AMNESIA: condition that enables a woman who has gone through
labor to have sex again.
DUMBWAITER: one who asks if the kids would care to order
dessert.
FAMILY PLANNING: the art of spacing your children the proper
distance apart to keep you on the edge of financial disaster
FEEDBACK: the inevitable result when the baby doesn't
appreciate the strained carrots.
FULL NAME: what you call your child when you're mad at him.
GRANDPARENTS: the people who think your children are
wonderful even though they're sure you're not raising them right.
HEARSAY: what toddlers do when anyone mutters a dirty word.
IMPREGNABLE: a woman whose memory of labor is still vivid.
INDEPENDENT: how we want our children to be as long as they do
everything we say.
OW: the first word spoken by children with older siblings
PRENATAL: when your life was still somewhat your own.

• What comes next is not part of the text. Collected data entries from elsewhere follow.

lemma lower_box_dim_nonneg: "0 \<le> lower_box_dim d E"
  unfolding lower_box_dim_def by (intro Liminf_bounded always_eventually allI box_ratio_nonneg)

lemma lower_box_dim_le_upper_box_dim: "lower_box_dim d E \<le> upper_box_dim d E"
  unfolding lower_box_dim_def upper_box_dim_def by (intro Liminf_le_Limsup) simp

lemma upper_box_dim_nonneg: "0 \<le> upper_box_dim d E"
  using lower_box_dim_nonneg lower_box_dim_le_upper_box_dim by (rule order_trans)

lemma filtermap_times_at_right_0: "0 < c \<Longrightarrow> filtermap ((*) c) (at_right 0) = at_right (0::real)"
  using filtermap_times_pos_at_right[of c 0] by simp

lemma upper_box_dim_rescale:
  "0 < c \<Longrightarrow> upper_box_dim d E = Limsup (at_right 0) (\<lambda>\<delta>. box_ratio d E (c * \<delta>))"
  unfolding upper_box_dim_def
  using Limsup_filtermap_eq[of "(*) c" "at_right 0" "box_ratio d E"] filtermap_times_at_right_0
  by (simp add: inj_on_def)

lemma lower_box_dim_rescale:
  "0 < c \<Longrightarrow> lower_box_dim d E = Liminf (at_right 0) (\<lambda>\<delta>. box_ratio d E (c * \<delta>))"
  unfolding lower_box_dim_def
  using Liminf_filtermap_eq[of "(*) c" "at_right 0" "box_ratio d E"] filtermap_times_at_right_0
  by (simp add: inj_on_def)

lemma lower_box_dim_eq_infinity:
  assumes "0 < \<delta>" "cover_num d \<delta> E = \<infinity>"
  shows "lower_box_dim d E = \<infinity>"
proof -
  have "\<forall>\<^sub>F \<delta>' in at_right 0. \<infinity> \<le> box_ratio d E \<delta>'"
    unfolding eventually_at_right_field
    using assms cover_num_antimono[of _ \<delta> d E] by (intro exI[of _ \<delta>]) (auto simp: box_ratio_def)
  then have "\<infinity> \<le> lower_box_dim d E" unfolding lower_box_dim_def by (rule Liminf_bounded)
  then show ?thesis by simp
qed

lemma frequently_less_Limsup:
  fixes X :: "_ \<Rightarrow> _ :: complete_linorder"
  assumes "C < Limsup F X"
  shows "\<exists>\<^sub>F x in F. C < X x"
proof (rule ccontr)
  assume "\<not> ?thesis"
  then have "\<forall>\<^sub>F x in F. X x \<le> C" by (simp add: not_frequently not_less)
  then have "Limsup F X \<le> C" by (rule Limsup_bounded)
  with assms show False by simp
qed

lemma Limsup_ge_frequently:
  fixes X :: "_ \<Rightarrow> _ :: complete_linorder"
  assumes "\<exists>\<^sub>F x in F. C \<le> X x"
  shows "C \<le> Limsup F X"
proof (rule ccontr)
  assume "\<not> ?thesis"
  then have "\<forall>\<^sub>F x in F. X x < C" by (intro Limsup_lessD) simp
  with assms have "\<exists>\<^sub>F x in F. C \<le> X x \<and> X x < C" by (rule frequently_eventually_frequently)
  then have "\<exists>\<^sub>F x in F. False" by (rule frequently_elim1) (blast dest: leD)
  then show False by simp
qed

lemma ereal_less_add_split:
  fixes a b :: ereal
  assumes "ereal r < a + b" "0 \<le> a" "0 \<le> b"
  obtains s t where "ereal s < a" "ereal t < b" "r < s + t"
proof (cases a)
  case (real x)
  show ?thesis
  proof (cases b)
    case (real y)
    define e where "e = (x + y - r) / 3"
    have "r < x + y" using assms(1) \<open>a = ereal x\<close> real by simp
    then have "0 < e" "r < (x - e) + (y - e)" unfolding e_def by (simp_all add: field_simps)
    then show ?thesis using that[of "x - e" "y - e"] \<open>a = ereal x\<close> real by simp
  next
    case PInf
    then show ?thesis using that[of "x - 1" "r - x + 2"] \<open>a = ereal x\<close> by simp
  qed (use assms(3) in simp)
next
  case PInf
  moreover have "ereal (-1) < b" using assms(3) by (rule order.strict_trans2[rotated]) simp
  ultimately show ?thesis using that[of "r + 2" "-1"] by simp
qed (use assms(2) in simp)

section \<open>Separated grids in products\<close>

lemma succ_floor_le_cover_num:
  assumes "ereal a < cover_num d \<delta> E" "0 \<le> a"
  shows "ereal (real (nat \<lfloor>a\<rfloor> + 1)) \<le> cover_num d \<delta> E"
proof (cases "cover_num d \<delta> E = \<infinity>")
  case False
  then obtain n where n: "cover_num d \<delta> E = ereal (real n)" using cover_num_cases by blast
  then have "nat \<lfloor>a\<rfloor> < n" using assms by (simp add: nat_less_iff floor_less_iff)
  then show ?thesis by (simp add: n)
qed simp

lemma cover_num_Sigma_ge:
  fixes A :: "'a::metric_space set" and G :: "('a \<times> 'b::metric_space) set"
  assumes "0 \<le> r" "0 \<le> a" "0 \<le> b"
    and A: "ereal a < cover_num dist (2 * r) A"
    and sections: "\<And>x. x \<in> A \<Longrightarrow> ereal b < cover_num dist (2 * r) (Pair x -` G)"
  shows "ereal (a * b) \<le> cover_num max_dist r G"
proof -
  define m1 where "m1 = nat \<lfloor>a\<rfloor> + 1"
  define m2 where "m2 = nat \<lfloor>b\<rfloor> + 1"
  obtain P1 where P1: "P1 \<subseteq> A" "finite P1" "card P1 = m1" "separated dist r P1"
    using exists_separated_subset[OF assms(1) succ_floor_le_cover_num[OF A assms(2)]]
    unfolding m1_def by blast
  have "\<forall>x\<in>A. \<exists>Q. Q \<subseteq> Pair x -` G \<and> finite Q \<and> card Q = m2 \<and> separated dist r Q"
    using exists_separated_subset[OF assms(1) succ_floor_le_cover_num[OF sections assms(3)]]
    unfolding m2_def by blast
  from bchoice[OF this] obtain Q where Q: "\<And>x. x \<in> A \<Longrightarrow>
      Q x \<subseteq> Pair x -` G \<and> finite (Q x) \<and> card (Q x) = m2 \<and> separated dist r (Q x)"
    by blast
  have "separated max_dist r (Sigma P1 Q)"
    unfolding separated_def
  proof (intro ballI impI)
    fix p q assume "p \<in> Sigma P1 Q" "q \<in> Sigma P1 Q" "p \<noteq> q"
    then obtain x y x' y' where pq: "p = (x, y)" "q = (x', y')" "x \<in> P1" "x' \<in> P1"
      "y \<in> Q x" "y' \<in> Q x'" by blast
    show "r < max_dist p q"
    proof (cases "x = x'")
      case True
      then have "y \<noteq> y'" "y' \<in> Q x" using pq \<open>p \<noteq> q\<close> by auto
      then have "r < dist y y'" using Q[of x] pq P1(1) unfolding separated_def by blast
      then show ?thesis by (simp add: pq max_dist_def)
    next
      case False
      then have "r < dist x x'" using P1(4) pq unfolding separated_def by blast
      then show ?thesis by (simp add: pq max_dist_def)
    qed
  qed
  moreover have "Sigma P1 Q \<subseteq> G" using P1(1) Q by blast
  moreover have "finite (Sigma P1 Q)" using P1 Q by blast
  ultimately have "ereal (real (card (Sigma P1 Q))) \<le> cover_num max_dist r G"
    by (intro card_le_cover_num)
  moreover have "card (Sigma P1 Q) = m1 * m2"
    using P1 Q by (simp add: card_SigmaI subset_eq)
  ultimately have "ereal (real m1 * real m2) \<le> cover_num max_dist r G" by simp
  moreover have "a * b \<le> real m1 * real m2"
    unfolding m1_def m2_def using assms(2,3) by (intro mult_mono) linarith+
  ultimately show ?thesis by (simp add: order_trans[rotated])
qed

lemma eventually_box_ratio_Sigma_ge:
  fixes A :: "'a::metric_space set" and G :: "('a \<times> 'b::metric_space) set"
  assumes "0 < r" "r < s + t" "A \<noteq> {}" "\<And>x. x \<in> A \<Longrightarrow> Pair x -` G \<noteq> {}"
    and sections: "\<forall>\<^sub>F \<delta> in at_right 0. \<forall>x\<in>A. ereal t < box_ratio dist (Pair x -` G) \<delta>"
  shows "\<forall>\<^sub>F \<delta> in at_right 0. ereal s < box_ratio dist A (2 * \<delta>) \<longrightarrow> ereal r \<le> box_ratio max_dist G \<delta>"
proof -
  have "\<forall>\<^sub>F \<delta> in at_right 0. \<forall>x\<in>A. ereal t < box_ratio dist (Pair x -` G) (2 * \<delta>)"
    using sections filtermap_times_at_right_0[of 2] eventually_filtermap[of _ "(*) 2"] by force
  moreover have "\<forall>\<^sub>F \<delta> in at_right (0::real). 0 < \<delta> \<and> 2 * \<delta> < 1"
    unfolding eventually_at_right_field by (intro exI[of _ "1/2"]) auto
  moreover note eventually_box_ratio_ge[OF assms(1,2), of max_dist G]
  ultimately show ?thesis
  proof eventually_elim
    case (elim \<delta>)
    show ?case
    proof
      assume "ereal s < box_ratio dist A (2 * \<delta>)"
      then have "ereal ((2 * \<delta>) powr (-s)) < cover_num dist (2 * \<delta>) A"
        using elim(2) assms(3) by (intro powr_less_cover_num) auto
      moreover have "ereal ((2 * \<delta>) powr (-t)) < cover_num dist (2 * \<delta>) (Pair x -` G)"
        if "x \<in> A" for x
        using elim(1,2) assms(4) that by (intro powr_less_cover_num) auto
      ultimately have "ereal ((2 * \<delta>) powr (-s) * (2 * \<delta>) powr (-t)) \<le> cover_num max_dist \<delta> G"
        using elim(2) by (intro cover_num_Sigma_ge) auto
      then have "ereal ((2 * \<delta>) powr (- (s + t))) \<le> cover_num max_dist \<delta> G"
        by (simp add: powr_add[symmetric])
      then show "ereal r \<le> box_ratio max_dist G \<delta>" using elim(3) by blast
    qed
  qed
qed

section \<open>Product measurability on separable sets\<close>

lemma max_dist_le_dist: "max_dist p q \<le> dist p q"
  unfolding max_dist_def by (intro max.boundedI dist_fst_le dist_snd_le)

lemma dist_le_max_dist: "dist p q \<le> 2 * max_dist p q"
proof -
  have "dist p q = sqrt ((dist (fst p) (fst q))\<^sup>2 + (dist (snd p) (snd q))\<^sup>2)"
    using dist_Pair_Pair[of "fst p" "snd p" "fst q" "snd q"] by simp
  also have "\<dots> \<le> dist (fst p) (fst q) + dist (snd p) (snd q)" by (intro sqrt_sum_squares_le_sum) auto
  also have "\<dots> \<le> 2 * max_dist p q" unfolding max_dist_def by linarith
  finally show ?thesis .
qed

lemma mem_cball_Times_cball: "z \<in> cball (fst p) r \<times> cball (snd p) r \<longleftrightarrow> max_dist p z \<le> r"
  unfolding max_dist_def by (cases z) (simp add: mem_cball)

lemma cball_Times_cball_in_sets_pair:
  fixes \<mu> :: "'a::metric_space measure" and \<nu> :: "'b::metric_space measure"
  assumes "sets \<mu> = sets borel" "sets \<nu> = sets borel"
  shows "cball a r \<times> cball b r \<in> sets (\<mu> \<Otimes>\<^sub>M \<nu>)"
  using assms by (intro pair_measureI) (simp_all add: borel_closed)

lemma closure_eq_INT_UN_cball_Times_cball:
  fixes D :: "('a::metric_space \<times> 'b::metric_space) set"
  shows "closure D = (\<Inter>j. \<Union>p\<in>D. cball (fst p) (1 / Suc j) \<times> cball (snd p) (1 / Suc j))"
proof (intro equalityI subsetI)
  fix z assume z: "z \<in> closure D"
  show "z \<in> (\<Inter>j. \<Union>p\<in>D. cball (fst p) (1 / Suc j) \<times> cball (snd p) (1 / Suc j))"
  proof
    fix j
    have "0 < 1 / real (Suc j)" by simp
    then obtain p where p: "p \<in> D" "dist p z < 1 / Suc j" using z unfolding closure_approachable by blast
    then have "max_dist p z \<le> 1 / Suc j" using max_dist_le_dist[of p z] by linarith
    then show "z \<in> (\<Union>p\<in>D. cball (fst p) (1 / Suc j) \<times> cball (snd p) (1 / Suc j))"
      by (intro UN_I[OF p(1)]) (simp add: mem_cball_Times_cball)
  qed
next
  fix z assume z: "z \<in> (\<Inter>j. \<Union>p\<in>D. cball (fst p) (1 / Suc j) \<times> cball (snd p) (1 / Suc j))"
  show "z \<in> closure D"
    unfolding closure_approachable
  proof (intro allI impI)
    fix e :: real assume "0 < e"
    then obtain j where "inverse (real (Suc j)) < e / 2" using reals_Archimedean half_gt_zero by blast
    then have j: "1 / real (Suc j) < e / 2" by (simp add: inverse_eq_divide)
    have "z \<in> (\<Union>p\<in>D. cball (fst p) (1 / Suc j) \<times> cball (snd p) (1 / Suc j))" using z by blast
    then obtain p where "p \<in> D" "max_dist p z \<le> 1 / Suc j"
      unfolding mem_cball_Times_cball[symmetric] by blast
    moreover from this have "dist p z < e" using dist_le_max_dist[of p z] j by linarith
    ultimately show "\<exists>p\<in>D. dist p z < e" by blast
  qed
qed

lemma closure_countable_in_sets_pair:
  fixes \<mu> :: "'a::metric_space measure" and \<nu> :: "'b::metric_space measure"
  assumes "sets \<mu> = sets borel" "sets \<nu> = sets borel" "countable D"
  shows "closure D \<in> sets (\<mu> \<Otimes>\<^sub>M \<nu>)"
proof -
  have "UNIV \<in> sets (\<mu> \<Otimes>\<^sub>M \<nu>)"
    using sets.top[of "\<mu> \<Otimes>\<^sub>M \<nu>"] sets_eq_imp_space_eq[OF assms(1)] sets_eq_imp_space_eq[OF assms(2)]
    by (simp add: space_pair_measure)
  then show ?thesis
    unfolding closure_eq_INT_UN_cball_Times_cball
    by (intro sets.countable_INT'' sets.countable_UN'' cball_Times_cball_in_sets_pair assms) simp_all
qed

PUDDLE: a small body of water that draws other small bodies
wearing dry shoes into it.
SHOW OFF: a child who is more talented than yours.
STERILIZE: what you do to your first baby's pacifier by
boiling it and to your last baby's pacifier by blowing on it.
TOP BUNK: where you should never put a child wearing Superman
jammies.
TWO-MINUTE WARNING: when the baby's face turns red and she
begins to make those familiar grunting noises.
VERBAL: able to whine in words.
WHODUNIT: none of the kids that live in your house.